Брысь или приключения одного М.Н.С. - Малышкина Ольга
Еще бы! Ей, наверное, никогда не приходилось видеть такого красавчика! Я принял соответствующий моей внешности и должности гордый вид (жаль, что мы только стоять умеем, а не ходить, как Люди, глубокомысленно заложив передние лапки за спину) и открыл рот, чтобы начать ученую беседу, а еще лучше – научную дискуссию. Однако дамочка не дала мне и слова молвить, перехватив инициативу.
– Ты больной? Это заразно? Не приближайся! Не дыши в мою сторону! Ничего здесь не трогай! Откуда ты взялся на мою голову?! Не отвечай! Ничего не хочу знать!

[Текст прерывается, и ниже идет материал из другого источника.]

lemma card_far_panels_le:
  fixes T \<delta> :: real
  assumes T: "T > 2" and \<delta>: "0 < \<delta>" "\<delta> < 1"
    and k_ge: "real k \<ge> 2 * ln (1 / \<delta>) / ln (T^2 / (4 * (T - 1)))"
  shows "card {S \<in> panels k n. T * social_opt d C xs n < d qstar (qbar S)}
    \<le> \<delta> * card (panels k n)"
proof (cases "social_opt d C xs n = 0")
  case True
  have "(2 * (T - 1) / T) ^ k / (T - 1) powr (real k / 2) \<le> \<delta>"
    by (rule chernoff_rate_le[OF T \<delta>(1) k_ge])
  then have "0 < k"
    using \<delta>(2) T by (cases k) auto
  moreover have "d qstar qstar = 0"
    using metric qstar_in C_sub by (auto simp: unit_metric_on_def)
  ultimately have "{S \<in> panels k n. T * social_opt d C xs n < d qstar (qbar S)} = {}"
    using True panel_opt_eq_qstar_if_social_opt_0 by auto
  then show ?thesis
    using \<delta> by (simp only: card.empty) simp
next
  case False
  define OPT where "OPT = social_opt d C xs n"
  define r where "r = T * OPT"
  define z where "z i = min (d qstar (xs i)) r / r" for i
  have "0 < n"
    using False by (auto simp: social_opt_eq)
  have "0 \<le> OPT"
    unfolding OPT_def social_opt_eq using dist_qstar_nonneg by (intro divide_nonneg_nonneg sum_nonneg) auto
  with False have "0 < OPT"
    by (simp add: OPT_def)
  then have r: "0 < r"
    using T by (simp add: r_def)
  have z: "\<forall>i\<in>{1..n}. 0 \<le> z i \<and> z i \<le> 1"
    using r dist_qstar_nonneg by (simp add: z_def)
  have "sum z {1..n} \<le> (\<Sum>i\<in>{1..n}. d qstar (xs i)) / r"
    unfolding z_def sum_divide_distrib by (intro divide_right_mono sum_mono) (use r in auto)
  also have "\<dots> = n * OPT / (T * OPT)"
    using \<open>0 < n\<close> by (simp add: r_def OPT_def social_opt_eq)
  also have "\<dots> = n / T"
    using \<open>0 < OPT\<close> by simp
  finally have mean: "sum z {1..n} / card {1..n} \<le> 1 / T"
    using \<open>0 < n\<close> by (simp add: divide_le_eq)
  have "{S \<in> panels k n. T * OPT < d qstar (qbar S)}
      \<subseteq> {S. S \<subseteq> {1..n} \<and> card S = k \<and> real k / 2 \<le> sum z S}"
  proof safe
    fix S assume S: "S \<in> panels k n" "T * OPT < d qstar (qbar S)"
    then have "k * r \<le> 2 * (\<Sum>i\<in>S. min (d qstar (xs i)) r)"
      using r by (intro panel_sum_min_ge) (auto simp: r_def)
    then show "real k / 2 \<le> sum z S"
      using r by (simp add: z_def sum_divide_distrib[symmetric] divide_simps)
  qed (auto simp: panels_def)
  then have "card {S \<in> panels k n. T * OPT < d qstar (qbar S)}
      \<le> card {S. S \<subseteq> {1..n} \<and> card S = k \<and> real k / 2 \<le> sum z S}"
    by (intro card_mono) auto
  also have "\<dots> \<le> real (n choose k) * (1 + (T - 2) * (sum z {1..n} / card {1..n})) ^ k
      / (T - 1) powr (real k / 2)"
    using card_subsets_sum_ge_le[of "{1..n}" z "T - 1" k "real k / 2"] z T by simp
  also have "\<dots> \<le> real (n choose k) * (2 * (T - 1) / T) ^ k / (T - 1) powr (real k / 2)"
  proof -
    have "1 + (T - 2) * (sum z {1..n} / card {1..n}) \<le> 2 * (T - 1) / T"
      using mult_left_mono[OF mean, of "T - 2"] T by (simp add: field_simps)
    moreover have "0 \<le> 1 + (T - 2) * (sum z {1..n} / card {1..n})"
      using z T by (intro add_nonneg_nonneg mult_nonneg_nonneg divide_nonneg_nonneg sum_nonneg) auto
    ultimately show ?thesis
      by (intro divide_right_mono mult_left_mono power_mono) auto
  qed
  also have "\<dots> \<le> real (n choose k) * \<delta>"
    using mult_left_mono[OF chernoff_rate_le[OF T \<delta>(1) k_ge], of "real (n choose k)"] by simp
  finally show ?thesis
    by (simp add: OPT_def card_panels mult.commute)
qed

end

theorem theorem4p2:
  fixes X C :: "'a set" and d :: "'a \<Rightarrow> 'a \<Rightarrow> real"
    and xs :: "nat \<Rightarrow> 'a" and n k :: nat
    and qstar :: 'a and qbar :: "nat set \<Rightarrow> 'a"
    and T \<delta> :: real
  assumes metric: "unit_metric_on X d"
    and C_sub: "C \<subseteq> X"
    and agents: "\<forall>i\<in>{1..n}. xs i \<in> X"
    and qstar_in: "qstar \<in> C"
    and qstar_opt: "\<forall>q\<in>C. social_cost d xs n qstar \<le> social_cost d xs n q"
    and qbar_in: "\<forall>S\<in>panels k n. qbar S \<in> C"
    and qbar_opt: "\<forall>S\<in>panels k n. \<forall>q\<in>C. panel_cost d xs S (qbar S) \<le> panel_cost d xs S q"
    and T: "T > 2"
    and delta: "0 < \<delta>" "\<delta> < 1"
    and k_le: "k \<le> n"
    and k_ge: "real k \<ge> 2 * ln (1 / \<delta>) / ln (T^2 / (4 * (T - 1)))"
  shows "measure_pmf.prob (uniform_panels k n)
           {S. d qstar (qbar S) \<le> T * social_opt d C xs n} \<ge> 1 - \<delta>"
proof -
  interpret facility_location X C d xs n k qstar qbar
    using metric C_sub agents qstar_in qstar_opt qbar_in qbar_opt by unfold_locales
  define P where "P = panels k n"
  define good where "good = {S. d qstar (qbar S) \<le> T * social_opt d C xs n}"
  have P: "finite P" "0 < card P"
    using k_le by (simp_all add: P_def finite_panels card_panels)
  have far: "card (P - good) \<le> \<delta> * card P"
    using card_far_panels_le[OF T delta k_ge] by (simp add: P_def good_def set_diff_eq not_le)
  have "card (P \<inter> good) = card P - card (P - good)"
    using P card_Diff_subset[of "P - good" P] by (simp add: Diff_Diff_Int)
  then have card_good: "real (card (P \<inter> good)) = real (card P) - real (card (P - good))"
    using P by (simp add: card_mono)
  have "measure_pmf.prob (uniform_panels k n) good = card (P \<inter> good) / card P"
    using P unfolding uniform_panels_def P_def[symmetric] by (intro measure_pmf_of_set) auto
  also have "\<dots> \<ge> 1 - \<delta>"
    using far P unfolding card_good by (auto simp: diff_divide_distrib pos_divide_le_eq)
  finally show ?thesis
    by (simp add: good_def)
qed

end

Сказать, что я опешил, – ничего не сказать! Если я и намеревался сообщить что-либо о себе, то после такого невероятного вступления чуть не забыл, как меня зовут! Скорее всего, я даже рот не закрыл! Так и вижу себя теперь глазами Клары (об этом позже): белый, с бестолковым (от неожиданности!) выражением рубиновых глаз и широко раззявленным ртом, из которого торчали зубы, покрытые прочной желтой эмалью!
Глава четвертая.
Клара
На вас когда-нибудь смотрели с брезгливостью? Интересно, как вы реагировали? Я, например, так: первоначальное возмущение быстро сменилось желанием зарыться поглубже в тот ворох, что я насобирал для ночлега, и подумать, не ошибся ли я, считая себя красавчиком… Но тогда следовало бы признать, что заблуждались и продавцы Зоомагазина, которые долго не хотели со мной расставаться, и Вовины родители, когда именно меня выбрали в подарок сынишке… Эти мысли успокоили, а потому я повернулся к дамочке спиной и забрался в листья уже исключительно от обиды, а не от огорчения.

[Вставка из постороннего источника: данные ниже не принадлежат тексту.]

lemma per_le_iff:
  assumes "0 < m"
  shows "per x \<le> m \<longleftrightarrow> (\<exists>p. 0 < p \<and> p \<le> m \<and> has_period p x)"
proof -
  have per: "per x = (LEAST p. 0 < p \<and> has_period p x)"
    unfolding per_def has_period_iff_1based ..
  have "0 < Suc (length x) \<and> has_period (Suc (length x)) x"
    by (simp add: has_period_def)
  from LeastI[of "\<lambda>p. 0 < p \<and> has_period p x", OF this]
    Least_le[of "\<lambda>p. 0 < p \<and> has_period p x"]
  show ?thesis unfolding per by (meson le_trans order_refl)
qed

lemma take_drop_rev:
  "q + m \<le> length w \<Longrightarrow> take m (drop q (rev w)) = rev (take m (drop (length w - (q + m)) w))"
  by (simp add: rev_drop rev_take take_drop)

lemma occurs_at_rev:
  "occurs_at (rev w) (rev s) q \<longleftrightarrow>
     q + length s \<le> length w \<and> occurs_at w s (length w - (q + length s))"
  unfolding occurs_at_iff_take_drop by (auto simp: take_drop_rev)

lemma covered_rev: "covered s w \<Longrightarrow> covered (rev s) (rev w)"
  unfolding covered_def
proof (intro allI impI)
  fix k assume cov: "\<forall>k<length w. \<exists>q. occurs_at w s q \<and> q \<le> k \<and> k < q + length s"
    and k: "k < length (rev w)"
  then have "length w - 1 - k < length w" by simp
  with cov obtain q
    where q: "occurs_at w s q" "q \<le> length w - 1 - k" "length w - 1 - k < q + length s"
    by blast
  moreover have "q + length s \<le> length w"
    using q(1) unfolding occurs_at_def by simp
  moreover from this have "length w - (length w - (q + length s) + length s) = q" by simp
  ultimately have "occurs_at (rev w) (rev s) (length w - (q + length s))"
    unfolding occurs_at_rev by simp
  with q k show "\<exists>q. occurs_at (rev w) (rev s) q \<and> q \<le> k \<and> k < q + length (rev s)"
    by (intro exI[of _ "length w - (q + length s)"]) auto
qed

lemma has_period_rev_imp: "has_period p x \<Longrightarrow> has_period p (rev x)"
  unfolding has_period_def
proof (intro allI impI)
  fix j assume per: "\<forall>j. j + p < length x \<longrightarrow> x ! j = x ! (j + p)"
    and j: "j + p < length (rev x)"
  then have "x ! (length x - 1 - (j + p)) = x ! (length x - 1 - (j + p) + p)"
    by simp
  also have "length x - 1 - (j + p) + p = length x - 1 - j"
    using j by simp
  finally show "rev x ! j = rev x ! (j + p)"
    using j by (simp add: rev_nth)
qed

lemma has_period_rev: "has_period p (rev x) \<longleftrightarrow> has_period p x"
  using has_period_rev_imp[of p x] has_period_rev_imp[of p "rev x"] by auto

lemma occurs_at_append: "occurs_at (A @ s @ B) s (length A)"
  unfolding occurs_at_def by (auto simp: nth_append)

lemma occurs_at_append_right: "occurs_at A s q \<Longrightarrow> occurs_at (A @ B) s q"
  unfolding occurs_at_def by (auto simp: nth_append)

lemma occurs_at_append_left: "occurs_at B s q \<Longrightarrow> occurs_at (A @ B) s (length A + q)"
  unfolding occurs_at_def by (auto simp: nth_append)

lemma occurs_at_decomp: "occurs_at w s q \<Longrightarrow> w = take q w @ s @ drop (q + length s) w"
  unfolding occurs_at_iff_take_drop by (metis append_take_drop_id drop_drop add.commute)

lemma occurs_at_overlap:
  "occurs_at w s q \<Longrightarrow> occurs_at w s (q + d) \<Longrightarrow> t < length s \<Longrightarrow> w ! (q + t) = w ! (q + d + t)"
  unfolding occurs_at_def by (simp add: add.assoc)

lemma covered_self: "covered s s"
  unfolding covered_def using occurs_at_append[of "[]" s "[]"] by auto

lemma covered_append:
  assumes "covered s (A @ s)" and "covered s (s @ B)"
  shows "covered s (A @ s @ B)"
  unfolding covered_def
proof (intro allI impI)
  fix k assume k: "k < length (A @ s @ B)"
  show "\<exists>q. occurs_at (A @ s @ B) s q \<and> q \<le> k \<and> k < q + length s"
  proof (cases "k < length A + length s")
    case True
    then obtain q where "occurs_at (A @ s) s q" "q \<le> k" "k < q + length s"
      using assms(1) unfolding covered_def by auto
    then show ?thesis using occurs_at_append_right[of "A @ s" s q B] by auto
  next
    case False
    with k have "k - length A < length (s @ B)" by auto
    then obtain q where "occurs_at (s @ B) s q" "q \<le> k - length A" "k - length A < q + length s"
      using assms(2) unfolding covered_def by blast
    then show ?thesis using occurs_at_append_left[of "s @ B" s q A] False
      by (intro exI[of _ "length A + q"]) auto
  qed
qed

lemma covered_append_suffix:
  assumes "covered s A" and "A @ D = Z @ s" and "length D \<le> length s"
  shows "covered s (A @ D)"
  unfolding covered_def
proof (intro allI impI)
  fix k assume k: "k < length (A @ D)"
  show "\<exists>q. occurs_at (A @ D) s q \<and> q \<le> k \<and> k < q + length s"
  proof (cases "k < length A")
    case True
    then obtain q where "occurs_at A s q" "q \<le> k" "k < q + length s"
      using assms(1) unfolding covered_def by auto
    then show ?thesis using occurs_at_append_right[of A s q D] by auto
  next
    case False
    have "length A + length D = length Z + length s"
      using arg_cong[OF assms(2), of length] by simp
    then show ?thesis using occurs_at_append[of Z s "[]"] assms(2,3) False k
      by (intro exI[of _ "length Z"]) auto
  qed
qed

lemma has_period_take: "has_period p x \<Longrightarrow> has_period p (take n x)"
  unfolding has_period_def by auto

Когда я натянул на себя последний листок, любопытство серой барышни взяло верх над прочими чувствами и она примирительно произнесла:
– Ладно, тоже ведь божья тварь! Вылезай, знакомиться будем!
Я хотел было проигнорировать снисходительно протянутую мне лапку дружбы, но вовремя спохватился, что лучше аборигенши (то есть местной жительницы) никто не расскажет, где я очутился в результате Вовкиного эксперимента. Поэтому отряхнулся и приосанился: встал на задние лапки, выпятил живот и откинул назад голову.

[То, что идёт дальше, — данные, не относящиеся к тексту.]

(* Let $A,B$ be strongly regular graphs with the same parameters $\sigma(A)=(n,d,\lambda,\mu)$, and let $A',B'$ be partially colored versions with port vertices $a_1,\dots,a_m$, $b_1,\dots,b_m$ as in the construction, such that $\tau(a_i)=\tau(b_i)$ for all $i$. Then for vertices $x,y$ of $G(A',B')$, the sequence $(w_k(x,y))_{k\ge0}$ is determined solely by $\eta(x,y)$, $\tau(A')$ and $\sigma(A)$: if $(\hat A',\hat B')$ is another such pair with $\sigma(\hat A)=\sigma(A)$ and $\tau(\hat A')=\tau(A')$, and $x,y\in V(G(A',B'))$, $\hat x,\hat y\in V(G(\hat A',\hat B'))$ satisfy $\eta(x,y)=\eta(\hat x,\hat y)$, then $w_k(x,y)=w_k(\hat x,\hat y)$ for all $k\ge0$.
   Context: Graphs are finite, simple and undirected. A strongly regular graph with parameters $(n,d,\lambda,\mu)$ is an $n$-vertex $d$-regular graph in which any two adjacent vertices have $\lambda$ common neighbours and any two distinct non-adjacent vertices have $\mu$ common neighbours. $A'$ (resp. $B'$) is $A$ (resp. $B$) with $a_i$ (resp. $b_i$) colored $i$ for $i=1,\dots,m$ and all other vertices uncolored. Construction $G(A',B')$ (uncolored): the vertex-disjoint union of $A$ and $B$, plus for each $i$ a connecting vertex $c_i$ adjacent to $a_i$ and $b_i$ and $i$ pendant vertices $p_{i,1},\dots,p_{i,i}$ adjacent only to $c_i$. $w_k(x,y)$ is the number of walks of length $k$ from $x$ to $y$ in $G(A',B')$. Color refinement on a vertex-colored graph $X$: $C^0_X(x)$ is the color of $x$ (common default for uncolored vertices), $C^{1}_X(x)=\big(C^0_X(x),\{\!\{C^0_X(y)\}\!\}_{y\in N(x)}\big)$. Types: $\tau(x)=C^1_{A'}(x)$ for $x\in V(A)$, $\tau(x)=C^1_{B'}(x)$ for $x\in V(B)$, $\tau(c_i)=(\mathfrak c,\tau(a_i))$, $\tau(p_{i,h})=(\mathfrak p,\tau(a_i))$ for special symbols $\mathfrak c,\mathfrak p$. $\tau(A')=(\tau(a_1),\dots,\tau(a_m))$. $D(x,y)=1$ iff $x,y$ both lie in the $A$-part or both in the $B$-part, else $0$; $I(x,y)=1$ iff $x=y$; $A(x,y)=1$ iff $x,y$ adjacent. $\eta(x,y)=(\tau(x),D(x,y),I(x,y),A(x,y),\tau(y))$. *)

theory Defs
  imports Main "HOL-Library.Multiset"
begin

– Клара! – неожиданно кокетливо сообщила дамочка.
Ой! Мое собственное имя, которым я так гордился, вдруг показалось мне каким-то простоватым, и я решил представиться полным Ф. И. О., для пущей солидности:
– Пафнутий Владимирович Менделеев! (Надеюсь, Вовка простит, что я «записал» его в отцы!)
Уловка сработала – барышня широко распахнула глаза (кстати, совершенно обычного черного цвета!) и выронила яблочный огрызок.
– Ух ты!
Не давая ей опомниться, я важно продолжил:
– Младший научный сотрудник серьезной лаборатории!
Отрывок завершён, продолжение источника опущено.